Gross profit is the surplus that accrues to a firm when it subtracts its total expenditure (explicit expenditure) from its total receipts. In ordinary language, the term ‘profit’ is used in the sense of gross profit. If, however, we analyze the term ‘gross profit’ we will find that it includes several items which are not profits in the strict sense of the term. The following four items are included in gross profits.

(1) Remuneration for the Factors of Production contributed by the Entrepreneur himself- Sometimes the entrepreneur contributes his own capital to the business, or he may himself act as the manager of the business. In that case, the interest accruing on his capital and his salary in lieu of his work as manager will be included in his gross profits. While calculating net profits, the entrepreneur should subtract these items (also called implicit costs) from his gross profits.

(2) Depreciation and Maintenance Charges- This can be discussed under two sub-heads-

  • Depreciation Charges- The depreciation undergone by machinery and plant during the course of production is an item of expenditure, and as such should be deducted from gross profits to arrive at net profits.
  • Insurance Charges- The premiums paid by the firm on the insurance of the firm’s property, such as, buildings, machinery, plant, etc., are also a part of the firm’s expenditure. Such expenditure has also to be subtracted from the gross profit to arrive at net profit.

(3) Extra-personal Profit- This is of two types-

  • Monopoly Profit- It is possible that the entrepreneur is a monopolist in his field. As such, he will earn a monopoly profit. Such a profit cannot be considered his net profit because it has been earned not on account of his business acumen or ability, but on account of the fact that he holds a monopoly in his particular field. The monopoly profit has, therefore, to be deducted from gross profit to arrive at net profit.
  • Chance Profit- It is possible that the entrepreneur earns high profit due to some favorable chance, say, the outbreak of war. The price of his product goes up and he earns a huge profit thereby. Such a profit is called chance profit or conjunctural gain. Now this profit is due not to any special ability on the part of the entrepreneur, but to mere chance. Such a profit has also to be deducted from gross profit to arrive at net profit.

(4) Net Profit- The balance which remains after deducting the above three items from gross profit is called net profit. The net profit is the reward for the following three functions performed by the entrepreneur.

  • Reward for Coordination- The entrepreneur organizes and coordinates the work of production. It is he who draws up the plan of the business and takes steps to give it a concrete shape.
  • Reward for Risk-taking- The entrepreneur has to undertake considerable risk under the capitalist system. He has to make estimates of costs and revenues. In case, his estimates turn out to be wrong, he may suffer heavy losses.
  • Reward for Innovation- He may originate new production techniques or bring out altogether new products, thus, earning huge profits for himself.
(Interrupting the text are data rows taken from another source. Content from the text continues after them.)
lemma gcomp_crossing_edge:
  assumes "w \<in> gcomp V ep X u" and "(u \<in> S) \<noteq> (w \<in> S)"
  obtains e where "e \<in> cut ep X S" "fst (ep e) \<in> gcomp V ep X u" "snd (ep e) \<in> gcomp V ep X u"
proof -
  have "greach V ep X u w" using assms(1) by (simp add: gcomp_def)
  then have "\<exists>e\<in>cut ep X S. fst (ep e) \<in> gcomp V ep X u \<and> snd (ep e) \<in> gcomp V ep X u"
    using assms(2) unfolding greach_def
  proof (induction rule: rtranclp_induct)
    case (step y z)
    show ?case
    proof (cases "(u \<in> S) = (y \<in> S)")
      case True
      from step(2) obtain e where e: "e \<in> X" "ep e = (y, z) \<or> ep e = (z, y)" by auto
      have "greach V ep X u y" "greach V ep X u z"
        using step(1) rtranclp.rtrancl_into_rtrancl[OF step(1,2)] by (simp_all add: greach_def)
      moreover have "y \<in> V" "z \<in> V" using step(2) by auto
      ultimately show ?thesis using e True step(4) unfolding cut_def gcomp_def by force
    next
      case False
      then show ?thesis using step.IH by blast
    qed
  qed simp
  then show thesis using that by blast
qed

text \<open>The set A' of the paper: the leaves on the side of f that contains the endpoint of f
  chosen by SOME in the definition of tcap.\<close>
definition tree_side :: "'t set \<Rightarrow> 't set set \<Rightarrow> ('t \<Rightarrow> 'v) \<Rightarrow> 't set \<Rightarrow> 'v set" where
  "tree_side VT ET M1 f = M1 ` (tleaves VT ET \<inter> tcomp VT (ET - {f}) (SOME a. a \<in> f))"

lemma tcap_tree_side: "tcap E ep x VT ET M1 f = sum x (cut ep E (tree_side VT ET M1 f))"
  by (simp add: tcap_def tree_side_def)

lemma shattered_comp_crossing_edge:
  assumes emb: "tree_embedding V E ep VT ET M1 M2"
    and Q: "Q \<in> shattered_comps V ep H VT ET M1 M2 F"
  obtains f e where "f \<in> Minv ET M2 F" "e \<in> cut ep H (tree_side VT ET M1 f)"
    "fst (ep e) \<in> Q" "snd (ep e) \<in> Q"
proof -
  have tree: "is_tree VT ET" and bij: "bij_betw M1 (tleaves VT ET) V"
    using emb by (auto simp: tree_embedding_def)
  have leaves: "tleaves VT ET \<subseteq> VT" by (auto simp: tleaves_def)
  from Q obtain v where "v \<in> V" and Qv: "Q = gcomp V ep (H - F) v"
    and sh: "shattered VT ET M1 M2 F Q"
    by (auto simp: shattered_comps_def gcomps_def)
  have "v \<in> M1 ` tleaves VT ET" using bij \<open>v \<in> V\<close> by (simp add: bij_betw_def)
  then obtain l1 where l1: "l1 \<in> tleaves VT ET" "M1 l1 = v" by blast
  then obtain l2 where l2: "l2 \<in> tleaves VT ET" "M1 l2 \<in> Q"
    "l2 \<notin> tcomp VT (ET - Minv ET M2 F) l1"
    using sh leaves unfolding shattered_def by blast
  obtain f where f: "f \<in> Minv ET M2 F"
    and sep: "\<And>c. c \<in> f \<Longrightarrow> (l1 \<in> tcomp VT (ET - {f}) c) \<noteq> (l2 \<in> tcomp VT (ET - {f}) c)"
    using tree_separating_edge[OF tree _ _ _ l2(3)] l1(1) l2(1) leaves
    by (auto simp: Minv_def)
  let ?c = "SOME a. a \<in> f"
  have "f \<noteq> {}" using f tree by (auto simp: Minv_def is_tree_def)
  then have "(l1 \<in> tcomp VT (ET - {f}) ?c) \<noteq> (l2 \<in> tcomp VT (ET - {f}) ?c)"
    by (intro sep) (simp add: some_in_eq)
  moreover have side: "(M1 l \<in> tree_side VT ET M1 f) = (l \<in> tcomp VT (ET - {f}) ?c)"
    if "l \<in> tleaves VT ET" for l
    using that inj_on_image_mem_iff[of M1 "tleaves VT ET"] bij
    unfolding tree_side_def bij_betw_def by blast
  ultimately have crosses: "(v \<in> tree_side VT ET M1 f) \<noteq> (M1 l2 \<in> tree_side VT ET M1 f)"
    using side[OF l1(1)] side[OF l2(1)] l1(2) by simp
  have "M1 l2 \<in> gcomp V ep (H - F) v" using l2(2) Qv by simp
  then obtain e where "e \<in> cut ep (H - F) (tree_side VT ET M1 f)"
    "fst (ep e) \<in> gcomp V ep (H - F) v" "snd (ep e) \<in> gcomp V ep (H - F) v"
    using crosses by (rule gcomp_crossing_edge)
  then show thesis using that[OF f] Qv by (auto simp: cut_def)
qed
We, thus, find that net profit is only one of the constituents of gross profit. It is arrived at by deducting all contractual and non-contractual payments from gross profits. In short, gross profits minus explicit costs minus implicit costs minus certain other elements = net profits. It is possible for the net profits to be either positive or negative. If the total expenditure (explicit as well as implicit) exceeds the total receipts, the net profits will be negative. Profit is the only reward (of a factor of production) that can be negative. Rent, interest, and wages are always positive.